On your Ubuntu Server VM, launch Wireshark as root from a terminal shell (sudo wireshark). Start capturing traffic on eth0. Now go to your Kali Linux and connect to the FTP server running on the Windows Server 2012 R2. Remember, login credentials are infosec/password$$$. Once logged on, download the testfile.txt with get, then try uploading it with put (you will get a permission error, but that doesn’t matter for our purposes). Enter exit to close the connection. See below for the complete sequence of commands.
Ethical Hacking Training – Resources (InfoSec)
Go to your Ubuntu Server VM and stop the Wireshark capture.

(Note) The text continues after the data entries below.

lemma is_reverse_sym:
  assumes "is_reverse St act t r"
  shows "is_reverse St act r t"
  unfolding is_reverse_def
proof (intro ballI impI)
  fix P Q
  assume "P \<in> St" "Q \<in> St" "P \<noteq> Q"
  then show "act P r = Q \<longleftrightarrow> act Q t = P"
    using assms[unfolded is_reverse_def, rule_format, of Q P] by auto
qed

lemma rv_rv [simp]:
  assumes "t \<in> T"
  shows "rv (rv t) = t"
proof -
  have rt: "rv t \<in> T"
    using assms by (rule rv_in_tokens)
  have "rv (rv t) \<in> T \<and> is_reverse St act (rv t) (rv (rv t))"
    using rv_in_tokens[OF rt] is_reverse_rv[OF rt] by blast
  moreover have "t \<in> T \<and> is_reverse St act (rv t) t"
    using assms is_reverse_sym[OF is_reverse_rv[OF assms]] by blast
  ultimately show ?thesis
    using unique_reverse[OF rt] by blast
qed

lemma act_rv_cancel: "P \<in> St \<Longrightarrow> t \<in> T \<Longrightarrow> act P t \<noteq> P \<Longrightarrow> act (act P t) (rv t) = P"
  using is_reverse_rv act_closed unfolding is_reverse_def by metis

lemma apply_msg_simps [simp]:
  "apply_msg act P [] = P"
  "apply_msg act P (t # w) = apply_msg act (act P t) w"
  "apply_msg act P (v @ w) = apply_msg act (apply_msg act P v) w"
  by (simp_all add: apply_msg_def)

lemma apply_msg_in_states: "P \<in> St \<Longrightarrow> set w \<subseteq> T \<Longrightarrow> apply_msg act P w \<in> St"
  by (induction w arbitrary: P) (auto simp: act_closed)

lemma stepwise_effective_append [simp]:
  "stepwise_effective act P (v @ w) \<longleftrightarrow>
    stepwise_effective act P v \<and> stepwise_effective act (apply_msg act P v) w"
  by (induction v arbitrary: P) auto

lemma consistent_subset: "set v \<subseteq> set w \<Longrightarrow> consistent w \<Longrightarrow> consistent v"
  unfolding consistent_msg_def by blast

lemma consistent_no_reverse: "consistent w \<Longrightarrow> t \<in> set w \<Longrightarrow> rv t \<notin> set w"
  unfolding consistent_msg_def by blast

fun drop_ineffective :: "'a \<Rightarrow> 'b list \<Rightarrow> 'b list" where
  "drop_ineffective P [] = []"
| "drop_ineffective P (t # w) =
    (if act P t = P then drop_ineffective P w else t # drop_ineffective (act P t) w)"

lemma drop_ineffective:
  "apply_msg act P (drop_ineffective P w) = apply_msg act P w"
  "stepwise_effective act P (drop_ineffective P w)"
  "set (drop_ineffective P w) \<subseteq> set w"
  by (induction P w rule: drop_ineffective.induct) auto
(* Let $\mathcal F$ be any r-forest in $G$. Then there exists a $\hat G$-r-forest $\hat{\mathcal F}$ such that $\hat F(\hat{\mathcal F})\le F(\mathcal F)$ and $\hat{\mathcal F}$ has at most $2r-2$ non-terminal vertices.
   Context: Let $G=(V,E)$ be a connected undirected network with $n$ vertices and edge lengths $c_e>0$. Let $\mathcal R=\{\{v_1,u_1\},\dots,\{v_r,u_r\}\}$ be a set of $r\ge2$ relevant pairs (r-pairs) of vertices, with $r$ a fixed constant. The objective $\Phi$ is a non-decreasing function of the connection times $(t_{\{v_i,u_i\}})_{i=1}^r$, computable in $O(r)$ time from them. A terminal vertex is a vertex belonging to some r-pair. An r-forest is a subnetwork $\mathcal F$ of the network such that: (a) $\mathcal F$ is a forest; (b) every r-pair $\{v,u\}$ is joined by a (unique) path $P_{\mathcal F}(v,u)$ in $\mathcal F$; (c) every edge of $\mathcal F$ lies on $P_{\mathcal F}(v,u)$ for some r-pair $\{v,u\}$. For an r-forest $\mathcal F$, consider orderings $(e_1,\dots,e_f)$ of all edges of $\mathcal F$, built consecutively at unit speed from time $0$, so that $e_k$ is completed at time $\sum_{j\le k}c_{e_j}$. The connection time of an r-pair is the completion time of the last-built edge of its path in $\mathcal F$. $F(\mathcal F)$ denotes the minimum of $\Phi$ over all such orderings. This is the best objective value achievable when $\mathcal F$ is the set of edges built before all r-pairs are connected. $\hat G$ is the metric closure of $G$: the complete network on $V$ in which the length of edge $(u,v)$ equals the shortest-path distance between $u$ and $v$ in $G$. A $\hat G$-r-forest is an r-forest in $\hat G$ (for the same r-pairs). For a $\hat G$-r-forest $\hat{\mathcal F}$, $\hat F(\hat{\mathcal F})$ is defined as $F(\cdot)$ above but with $\hat G$-lengths. A non-terminal vertex of $\hat{\mathcal F}$ is a vertex of $\hat{\mathcal F}$ that is not a terminal vertex. *)

theory Defs
  imports Complex_Main
begin

text \<open>Undirected simple networks: an edge is a two-element vertex set.
  Edge lengths are a function on edges.\<close>

definition is_path :: "'v set set \<Rightarrow> 'v \<Rightarrow> 'v \<Rightarrow> 'v list \<Rightarrow> bool" where
  "is_path F v u p \<longleftrightarrow> p \<noteq> [] \<and> hd p = v \<and> last p = u \<and> distinct p \<and>
     (\<forall>i. Suc i < length p \<longrightarrow> {p ! i, p ! Suc i} \<in> F)"

definition path_edges :: "'v list \<Rightarrow> 'v set set" where
  "path_edges p = {{p ! i, p ! Suc i} | i. Suc i < length p}"

definition path_length :: "('v set \<Rightarrow> real) \<Rightarrow> 'v list \<Rightarrow> real" where
  "path_length c p = (\<Sum>i < length p - 1. c {p ! i, p ! Suc i})"

definition is_cycle :: "'v set set \<Rightarrow> 'v list \<Rightarrow> bool" where
  "is_cycle F p \<longleftrightarrow> length p \<ge> 3 \<and> distinct p \<and>
     (\<forall>i. Suc i < length p \<longrightarrow> {p ! i, p ! Suc i} \<in> F) \<and> {last p, hd p} \<in> F"

definition is_forest :: "'v set set \<Rightarrow> bool" where
  "is_forest F \<longleftrightarrow> \<not> (\<exists>p. is_cycle F p)"

definition network :: "'v set \<Rightarrow> 'v set set \<Rightarrow> ('v set \<Rightarrow> real) \<Rightarrow> bool" where
  "network V E c \<longleftrightarrow> finite V \<and> (\<forall>e\<in>E. \<exists>x y. x \<in> V \<and> y \<in> V \<and> x \<noteq> y \<and> e = {x, y}) \<and>
     (\<forall>e\<in>E. c e > 0) \<and> (\<forall>x\<in>V. \<forall>y\<in>V. \<exists>p. is_path E x y p)"

text \<open>r-forest (conditions (a),(b),(c)); R is the list of r-pairs.\<close>
definition r_forest :: "'v set set \<Rightarrow> ('v \<times> 'v) list \<Rightarrow> 'v set set \<Rightarrow> bool" where
  "r_forest E R F \<longleftrightarrow> F \<subseteq> E \<and> is_forest F \<and>
     (\<forall>(v, u) \<in> set R. \<exists>p. is_path F v u p) \<and>
     (\<forall>e \<in> F. \<exists>(v, u) \<in> set R. \<exists>p. is_path F v u p \<and> e \<in> path_edges p)"

text \<open>Connection time of the r-pair (v,u) when the edges of F are built in the order es:
  completion time of the last-built edge of the (unique) path between v and u in F.\<close>
definition conn_time :: "('v set \<Rightarrow> real) \<Rightarrow> 'v set set \<Rightarrow> 'v set list \<Rightarrow> 'v \<times> 'v \<Rightarrow> real" where
  "conn_time c F es vu = (case vu of (v, u) \<Rightarrow>
     Max {sum_list (map c (take (Suc k) es)) | k. k < length es \<and>
            es ! k \<in> path_edges (SOME p. is_path F v u p)})"

definition F_val :: "('v set \<Rightarrow> real) \<Rightarrow> ('v \<times> 'v) list \<Rightarrow> (real list \<Rightarrow> real) \<Rightarrow> 'v set set \<Rightarrow> real" where
  "F_val c R \<Phi> F = Min {\<Phi> (map (conn_time c F es) R) | es. distinct es \<and> set es = F}"

text \<open>Metric closure: complete graph on V, edge length = shortest-path distance in G.\<close>
definition closure_edges :: "'v set \<Rightarrow> 'v set set" where
  "closure_edges V = {{x, y} | x y. x \<in> V \<and> y \<in> V \<and> x \<noteq> y}"

definition closure_length :: "'v set set \<Rightarrow> ('v set \<Rightarrow> real) \<Rightarrow> 'v set \<Rightarrow> real" where
  "closure_length E c e = Min {path_length c p | p x y. e = {x, y} \<and> is_path E x y p}"

definition terminals :: "('v \<times> 'v) list \<Rightarrow> 'v set" where
  "terminals R = fst ` set R \<union> snd ` set R"

definition forest_vertices :: "'v set set \<Rightarrow> 'v set" where
  "forest_vertices F = \<Union> F"

definition nonterminal_vertices :: "('v \<times> 'v) list \<Rightarrow> 'v set set \<Rightarrow> 'v set" where
  "nonterminal_vertices R F = forest_vertices F - terminals R"

end

theory Submission
  imports Defs
begin

(* Embedding F into the metric closure does not increase its value, since closure lengths are
   at most the original ones.  Then, as long as some non-terminal vertex w has degree two, with
   neighbours a and b, replace the edges {a, w} and {w, b} by {a, b}.  The result is again an
   r-forest, and building {a, b} in the slot of the later of the two removed edges (dropping the
   earlier one) completes every edge no later: by the triangle inequality {a, b} is at most as
   long as the two removed edges together.  As \<Phi> is monotone, the value does not increase.
   Once every non-terminal vertex has degree at least three, counting incidences in the forest
   gives 3 N + M \<le> 2 |F| \<le> 2 (N + M - 1) for N non-terminal and M terminal vertices, hence
   N \<le> M - 2 \<le> 2 r - 2. *)

section \<open>Paths and walks as vertex lists\<close>

lemma path_edges_Nil [simp]: "path_edges [] = {}"
  and path_edges_singleton [simp]: "path_edges [x] = {}"
  by (simp_all add: path_edges_def)

lemma path_edges_Cons_Cons [simp]:
  "path_edges (x # y # xs) = insert {x, y} (path_edges (y # xs))"
proof -
  have "{i. Suc i < length (x # y # xs)} = insert 0 (Suc ` {i. Suc i < length (y # xs)})"
    by (auto simp: image_iff less_Suc_eq_0_disj)
  then show ?thesis
    unfolding path_edges_def by (auto simp: setcompr_eq_image image_image)
qed

lemma path_edges_Cons: "xs \<noteq> [] \<Longrightarrow> path_edges (x # xs) = insert {x, hd xs} (path_edges xs)"
  by (cases xs) auto

lemma path_edges_append_nonempty:
  "xs \<noteq> [] \<Longrightarrow> ys \<noteq> [] \<Longrightarrow>
    path_edges (xs @ ys) = insert {last xs, hd ys} (path_edges xs \<union> path_edges ys)"
  by (induction xs rule: list_nonempty_induct) (auto simp: path_edges_Cons)

lemma path_length_Nil [simp]: "path_length c [] = 0"
  and path_length_singleton [simp]: "path_length c [x] = 0"
  by (simp_all add: path_length_def)

lemma path_length_Cons_Cons [simp]:
  "path_length c (x # y # xs) = c {x, y} + path_length c (y # xs)"
  unfolding path_length_def by (simp add: sum.lessThan_Suc_shift del: sum.lessThan_Suc)

lemma path_edges_append:
  "path_edges (xs @ y # ys) = path_edges (xs @ [y]) \<union> path_edges (y # ys)"
  by (induction xs rule: induct_list012) auto

lemma path_length_append:
  "path_length c (xs @ y # ys) = path_length c (xs @ [y]) + path_length c (y # ys)"
  by (induction xs rule: induct_list012) auto

lemma path_edges_rev [simp]: "path_edges (rev p) = path_edges p"
proof (induction p rule: induct_list012)
  case (3 x y zs)
  then show ?case using path_edges_append[of "rev zs" y "[x]"] by (auto simp: insert_commute)
qed simp_all

lemma path_length_rev [simp]: "path_length c (rev p) = path_length c p"
proof (induction p rule: induct_list012)
  case (3 x y zs)
  then show ?case using path_length_append[of c "rev zs" y "[x]"] by (simp add: insert_commute)
qed simp_all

Apply the following filter to the results, to only show communications between our FTP server and client (x.x is the Kali Linux IP, and y.y is the Windows Server 2012 R2 IP):
ip.addr==192.168.xx && ip.addr==192.168.y.y
Look through the list of packets. You will see the RETR request and the STOR request further down.
These are raw FTP commands for retrieving a file (RETR) and uploading (storing, STOR) a file to an FTP server. They are standardized, meaning that they will be the same regardless of the system/application used. Which makes them perfect for our rule. In our local.rules file, find the “Unauthorized File Download” rule (sid:1000013) and edit it as follows (x.x is your Ubuntu Server IP, y.y is your Windows Server 2012 R2 IP address):
alert tcp !192.168.x.x any -> 192.168.y.y 21 (msg:”Unauthorized File Download; content:”RETR”; resp:rst_all; flowbits:isset,logged_in; sid:1000013; rev:1;)
Save the file and start Snort in IDS mode. From your Kali Linux VM connect to the FTP server again as we did earlier and enter get testflie.txt to download it. Now try downloading a different file: get hashes.txt. The connection is closed now.
Our rule detected file download and terminated the session.
Maybe you can find a way to make this rule better?